Долго благой перемене в стихосложении препятствовать будет привыкшее ухо ко краесловию [194]. Слышав долгое время единогласное в стихах окончание, безрифмие покажется грубо, негладко и нестройно. Таково оно и будет, доколе французский язык будет в России больше других языков в употреблении. Чувства наши, как гибкое и молодое дерево, можно вырастить прямо и криво, по произволению. Сверх же того в стихотворении, так как и во всех вещах, может господствовать мода, и если она хотя несколько имеет в себе естественного, то принята будет без прекословия. Но все модное мгновенно, а особливо в стихотворстве. Блеск наружный может заржаветь, но истинная красота не поблекнет никогда. Омир, Виргилий, Мильтон, Расин, Вольтер, Шекеспир, Тассо и многие другие читаны будут, доколе не истребится род человеческий [195].
Излишним почитаю я беседовать с вами о разных стихах, российскому языку свойственных. Что такое ямб, хорей, дактиль или анапест, всяк знает, если немного кто разумеет правила стихосложения. Но то бы было не излишнее, если бы я мог дать примеры в разных родах достаточные. Но силы мои и разумение коротки. Если совет мой может что-либо сделать, то я бы сказал, что российское стихотворство, да и сам российский язык гораздо обогатились бы, если бы переводы стихотворных сочинений делали не всегда ямбами. Гораздо бы эпической поэме свойственнее было, если бы перевод «Генриады» не был в ямбах, а ямбы некраесловные хуже прозы.
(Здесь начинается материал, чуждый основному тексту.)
(* Let $L$ be a subfit frame. Then $\overline{\mathrm{LSC}}(L)$ is meet-dense in $\overline{\mathrm{C}}(\mathrm{coS}(L))$ and $\overline{\mathrm{USC}}(L)$ is join-dense in $\overline{\mathrm{C}}(\mathrm{coS}(L))$.
   Context: A frame $L$ is subfit if for all $a,b\in L$ with $a\not\le b$ there is $c$ with $a\vee c=1\ne b\vee c$. A sublocale of $L$ is a subset closed under arbitrary meets and such that $x\to s\in S$ for $x\in L$, $s\in S$; $\mathrm{coS}(L)$ is the frame of all sublocales ordered by reverse inclusion. For $a\in L$, $\mathfrak{c}(a)=\{x\mid x\ge a\}$ is the closed sublocale. $\mathbb{Q}$ is the rationals. The frame of extended reals $\mathfrak{L}(\overline{\mathbb{R}})$ is presented by generators $(r,\textsf{---})$, $(\textsf{---},s)$ ($r,s\in\mathbb{Q}$) subject to (r1) $(r,\textsf{---})\wedge(\textsf{---},s)=0$ whenever $r\ge s$; (r2) $(r,\textsf{---})\vee(\textsf{---},s)=1$ whenever $r<s$; (r3) $(r,\textsf{---})=\bigvee_{s>r}(s,\textsf{---})$; (r4) $(\textsf{---},s)=\bigvee_{r<s}(\textsf{---},r)$. For a frame $M$, $\overline{\mathrm{C}}(M)$ is the set of frame homomorphisms $\mathfrak{L}(\overline{\mathbb{R}})\to M$ ordered by $f\le g$ iff $f(r,\textsf{---})\le g(r,\textsf{---})$ for all $r$. $\overline{\mathrm{LSC}}(L)$ (extended lower semicontinuous functions) is the set of $g\in\overline{\mathrm{C}}(\mathrm{coS}(L))$ with $g(r,\textsf{---})$ a closed sublocale for all $r\in\mathbb{Q}$; $\overline{\mathrm{USC}}(L)$ is the set of $g\in\overline{\mathrm{C}}(\mathrm{coS}(L))$ with $g(\textsf{---},s)$ closed for all $s$. A subset $A$ of a poset $P$ is meet-dense (join-dense) if every element of $P$ is a meet (join) in $P$ of elements of $A$. *)

theory Defs
  imports Complex_Main
begin
lemma prob_has_cluster_of_size_le:
  assumes n: "1 \<le> n" and m: "1 \<le> m"
  shows "measure_pmf.prob (perc_pmf L J (n + k)) {\<omega>. has_cluster_of_size L n k \<omega> m}
           \<le> 2 ^ (L ^ k) * real n powr (- a * (1 - real m / real L ^ k))"
proof -
  let ?V = "hball L (n + k) (\<lambda>_. 0)"
  let ?F = "{S. S \<subseteq> blocks L n k \<and> card S = m}"
  have "{\<omega>. has_cluster_of_size L n k \<omega> m} \<subseteq> (\<Union>S\<in>?F. closed_cut ?V (\<Union>S))"
  proof
    fix \<omega> assume "\<omega> \<in> {\<omega>. has_cluster_of_size L n k \<omega> m}"
    then obtain S where "S \<subseteq> blocks L n k" "card S = m" "\<omega> \<in> closed_cut ?V (\<Union>S)"
      using has_cluster_of_size_imp_closed_cut[of L n k \<omega> m] by blast
    then show "\<omega> \<in> (\<Union>S\<in>?F. closed_cut ?V (\<Union>S))" by blast
  qed
  moreover have "measure_pmf.prob (perc_pmf L J (n + k)) (closed_cut ?V (\<Union>S))
      \<le> real n powr (- a * (1 - real m / real L ^ k))" if S: "S \<in> ?F" for S
  proof -
    have "S \<subseteq> blocks L n k" "card S = m" "S \<noteq> {}" using S m by auto
    with prob_closed_cut_blocks_le[OF _ _ n] show ?thesis by blast
  qed
  ultimately have "measure_pmf.prob (perc_pmf L J (n + k)) {\<omega>. has_cluster_of_size L n k \<omega> m}
      \<le> 2 ^ card (blocks L n k) * real n powr (- a * (1 - real m / real L ^ k))"
    by (intro prob_le_union_bound_Pow[OF finite_blocks[OF L_ge_1]]) auto
  then show ?thesis by (simp add: card_blocks[OF L_ge_1])
qed
(* Let $\gamma\in(0,1)$ and let $m$ be a positive integer. There exist a positive integer $D_0$ and a family $\tilde\Theta=\{\tilde\theta(a)\}_{a\in A}$, each $f(\cdot,\tilde\theta(a))$ a residual network of size $(d,(6^{\alpha}+1)m,D_0,\alpha+1)$, such that $$\tilde{\mathcal R}_{\mathcal D}(\tilde\Theta)\le\frac{32}{(1-\gamma)^2}(|A|+1)(|A|^4+1)\frac{\|r\|_{\mathcal B}^2}{m}$$ and $\|\tilde\Theta\|_{\mathcal P}\le\frac{12}{1-\gamma}\big(|A|^{7/2}+|A|^{1/2}\big)\|r\|_{\mathcal B}$.
   Context: Residual networks: for positive integers $d,m,D,L$, a residual network of size $(d,m,D,L)$ is a function $f(\cdot,\theta):\mathbb R^d\to\mathbb R$, $f(x,\theta)=u^{\top}h^{[L]}$, where $h^{[0]}=Vx$ and $h^{[l]}=h^{[l-1]}+U^{[l]}\sigma(W^{[l]}h^{[l-1]})$ for $l=1,\dots,L$, with $V\in\mathbb R^{D\times d}$, $W^{[l]}\in\mathbb R^{m\times D}$, $U^{[l]}\in\mathbb R^{D\times m}$, $u\in\mathbb R^D$, $\sigma(z)=\max(z,0)$ applied entrywise, and $\theta=(u,V,\{W^{[l]}\}_{l=1}^L,\{U^{[l]}\}_{l=1}^L)$. Its weighted path norm is $\|\theta\|_{\mathcal P}=\big\||u|^{\top}(I+3|U^{[L]}||W^{[L]}|)\cdots(I+3|U^{[1]}||W^{[1]}|)|V|\big\|_1$, where $|\cdot|$ of a matrix/vector is entrywise absolute value and $I$ is the $D\times D$ identity. For a family $\Theta=\{\theta(a)\}_{a\in A}$ of parameters (one network per action, all of the same size), $f(s,\theta(a))$ denotes the $a$-th network and $\|\Theta\|_{\mathcal P}=\sum_{a\in A}\|\theta(a)\|_{\mathcal P}$. Barron space: for a compact $S\subset\mathbb R^d$, $h:S\to\mathbb R$ is in the Barron space $\mathcal B(S)$ if there is a probability measure $\rho$ on $\mathbb R\times\mathbb R^d$ with $h(x)=\mathbb E_{(u,w)\sim\rho}[u\,\sigma(w^{\top}x)]$ for all $x\in S$; its Barron norm is $\|h\|_{\mathcal B}=\inf_\rho(\mathbb E_{\rho}[u^2\|w\|_1^2])^{1/2}$, the infimum over all such $\rho$. For $r:S\times A\to\mathbb R$ with each $r(\cdot,a)\in\mathcal B(S)$, $\|r\|_{\mathcal B}=(\sum_{a\in A}\|r(\cdot,a)\|_{\mathcal B}^2)^{1/2}$. Setting: $S\subseteq[0,1]^d$ is compact with positive Lebesgue measure; $\mathcal D$ is the uniform distribution on $S$ and $\mathcal U$ the uniform distribution on $A$; $A=\{1,\dots,2^{\alpha}\}$ with $\alpha\ge0$ an integer; $r:S\times A\to\mathbb R$ with each $r(\cdot,a)$ continuous, in $\mathcal B(S)$, and $|r(s,a)|\le1$. The Bellman effective loss is $\tilde{\mathcal R}_{\mathcal D}(\Theta)=\frac12\mathbb E_{s\sim\mathcal D,a\sim\mathcal U}\big(f(s,\theta(a))-r(s,a)-\gamma\max_{a'\in A}f(s,\theta(a'))\big)^2$. *)

theory Defs
  imports "HOL-Probability.Probability"
begin

text \<open>Vectors/matrices are functions on natural-number indices; only the entries
  within the size (d, m, D, L) are ever used. Input space is real^'d, d = CARD('d).\<close>

datatype 'd resnet = ResNet
  (out_w: "nat \<Rightarrow> real")               \<comment> \<open>u, entries i < D\<close>
  (in_w: "nat \<Rightarrow> 'd \<Rightarrow> real")          \<comment> \<open>V, D x d\<close>
  (W_w: "nat \<Rightarrow> nat \<Rightarrow> nat \<Rightarrow> real")   \<comment> \<open>W^[l] k j, m x D, l = 1..L\<close>
  (U_w: "nat \<Rightarrow> nat \<Rightarrow> nat \<Rightarrow> real")   \<comment> \<open>U^[l] i k, D x m, l = 1..L\<close>

definition relu :: "real \<Rightarrow> real" where "relu z = max z 0"

fun hidden :: "nat \<Rightarrow> nat \<Rightarrow> 'd::finite resnet \<Rightarrow> real^'d \<Rightarrow> nat \<Rightarrow> nat \<Rightarrow> real" where
  "hidden m D \<theta> x 0 = (\<lambda>i. \<Sum>j\<in>UNIV. in_w \<theta> i j * x $ j)"
| "hidden m D \<theta> x (Suc l) =
     (\<lambda>i. hidden m D \<theta> x l i
          + (\<Sum>k<m. U_w \<theta> (Suc l) i k * relu (\<Sum>j<D. W_w \<theta> (Suc l) k j * hidden m D \<theta> x l j)))"

definition resnet_eval :: "nat \<Rightarrow> nat \<Rightarrow> nat \<Rightarrow> 'd::finite resnet \<Rightarrow> real^'d \<Rightarrow> real" where
  "resnet_eval m D L \<theta> x = (\<Sum>i<D. out_w \<theta> i * hidden m D \<theta> x L i)"

text \<open>Row vector |u|^T (I+3|U^[L]||W^[L]|) ... (I+3|U^[L-n+1]||W^[L-n+1]|)\<close>
fun path_row :: "nat \<Rightarrow> nat \<Rightarrow> nat \<Rightarrow> 'd resnet \<Rightarrow> nat \<Rightarrow> nat \<Rightarrow> real" where
  "path_row m D L \<theta> 0 = (\<lambda>i. \<bar>out_w \<theta> i\<bar>)"
| "path_row m D L \<theta> (Suc n) =
     (\<lambda>j. path_row m D L \<theta> n j
          + 3 * (\<Sum>i<D. path_row m D L \<theta> n i *
                   (\<Sum>k<m. \<bar>U_w \<theta> (L - n) i k\<bar> * \<bar>W_w \<theta> (L - n) k j\<bar>)))"

definition path_norm :: "nat \<Rightarrow> nat \<Rightarrow> nat \<Rightarrow> 'd::finite resnet \<Rightarrow> real" where
  "path_norm m D L \<theta> = (\<Sum>j\<in>UNIV. \<bar>\<Sum>i<D. path_row m D L \<theta> L i * \<bar>in_w \<theta> i j\<bar>\<bar>)"

definition l1norm :: "real^'d::finite \<Rightarrow> real" where
  "l1norm w = (\<Sum>j\<in>UNIV. \<bar>w $ j\<bar>)"

definition barron_reps :: "(real^'d::finite) set \<Rightarrow> (real^'d \<Rightarrow> real) \<Rightarrow> (real \<times> (real^'d)) measure set" where
  "barron_reps S h = {\<rho>. prob_space \<rho> \<and> sets \<rho> = sets borel \<and>
     (\<forall>x\<in>S. integrable \<rho> (\<lambda>(u, w). u * relu (w \<bullet> x)) \<and>
             h x = (\<integral>(u, w). u * relu (w \<bullet> x) \<partial>\<rho>))}"

definition in_barron :: "(real^'d::finite) set \<Rightarrow> (real^'d \<Rightarrow> real) \<Rightarrow> bool" where
  "in_barron S h \<longleftrightarrow> barron_reps S h \<noteq> {}"

definition enn_sqrt :: "ennreal \<Rightarrow> ennreal" where
  "enn_sqrt x = (if x = \<infinity> then \<infinity> else ennreal (sqrt (enn2real x)))"

definition barron_norm :: "(real^'d::finite) set \<Rightarrow> (real^'d \<Rightarrow> real) \<Rightarrow> ennreal" where
  "barron_norm S h = (INF \<rho>\<in>barron_reps S h.
      enn_sqrt (\<integral>\<^sup>+ (u, w). ennreal (u\<^sup>2 * (l1norm w)\<^sup>2) \<partial>\<rho>))"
Все вышесказанное изрек пирный мой товарищ одним духом и с толикою поворотливостью языка, что я не успел ничего ему сказать на возражение, хотя много кой-чего имел на защищение ямбов и всех тех, которые ими писали.
— Я и сам, — продолжал он, — заразительному последовал примеру и сочинял стихи ямбами, но то были оды. Вот остаток одной из них, все прочие сгорели в огне; да и оставшуюся та же ожидает участь, как и сосестр ее постигшая. В Москве не хотели ее напечатать по двум причинам: первая, что смысл в стихах неясен и много стихов топорной работы, другая, что предмет стихов несвойствен нашей земле. Я еду теперь в Петербург просить о издании ее в свет, ласкаяся, яко нежный отец своего дитяти, что ради последней причины, для коей ее в Москве печатать не хотели, снисходительно воззрят на первую. Если вам не в тягость будет прочесть некоторые строфы, — сказал он мне, подавая бумагу. Я ее развернул и читал следующее: Вольность… Ода… За одно название отказали мне издание сих стихов. Но я очень помню, что в Наказе о сочинении нового уложения, говоря о вольности, сказано: «Вольностию называть должно то, что все одинаковым повинуются законам». Следственно, о вольности у нас говорить вместно.
О! дар небес благословенный,
Источник всех великих дел;
О вольность, вольность, дар бесценный!
Позволь, чтоб раб тебя воспел.
Исполни сердце твоим жаром,
В нем сильных мышц твоих ударом
Во свет рабства тьму претвори,
Да Брут [196] и Телль [197] еще проснутся,
Седяй во власти, да смятутся
От гласа твоего цари.
Сию строфу обвинили для двух причин: за стих «во свет рабства тьму претвори». Он очень туг и труден на изречение ради частого повторения буквы Т и ради соития частого согласных букв: «бства тьму претв» — на десять согласных три гласных, а на российском языке толико же можно писать сладостно, как и на итальянском… Согласен… хотя иные почитали стих сей удачным, находя в негладкости стиха изобразительное выражение трудности самого действия… Но вот другой: «Да смятутся от гласа твоего цари». Желать смятения царю есть то же, что желать ему зла; следовательно… Но я не хочу вам наскучить всеми примечаниями, на стихи мои сделанными. Многие, признаюсь, из них были справедливы. Позвольте, чтобы я вашим был чтецом.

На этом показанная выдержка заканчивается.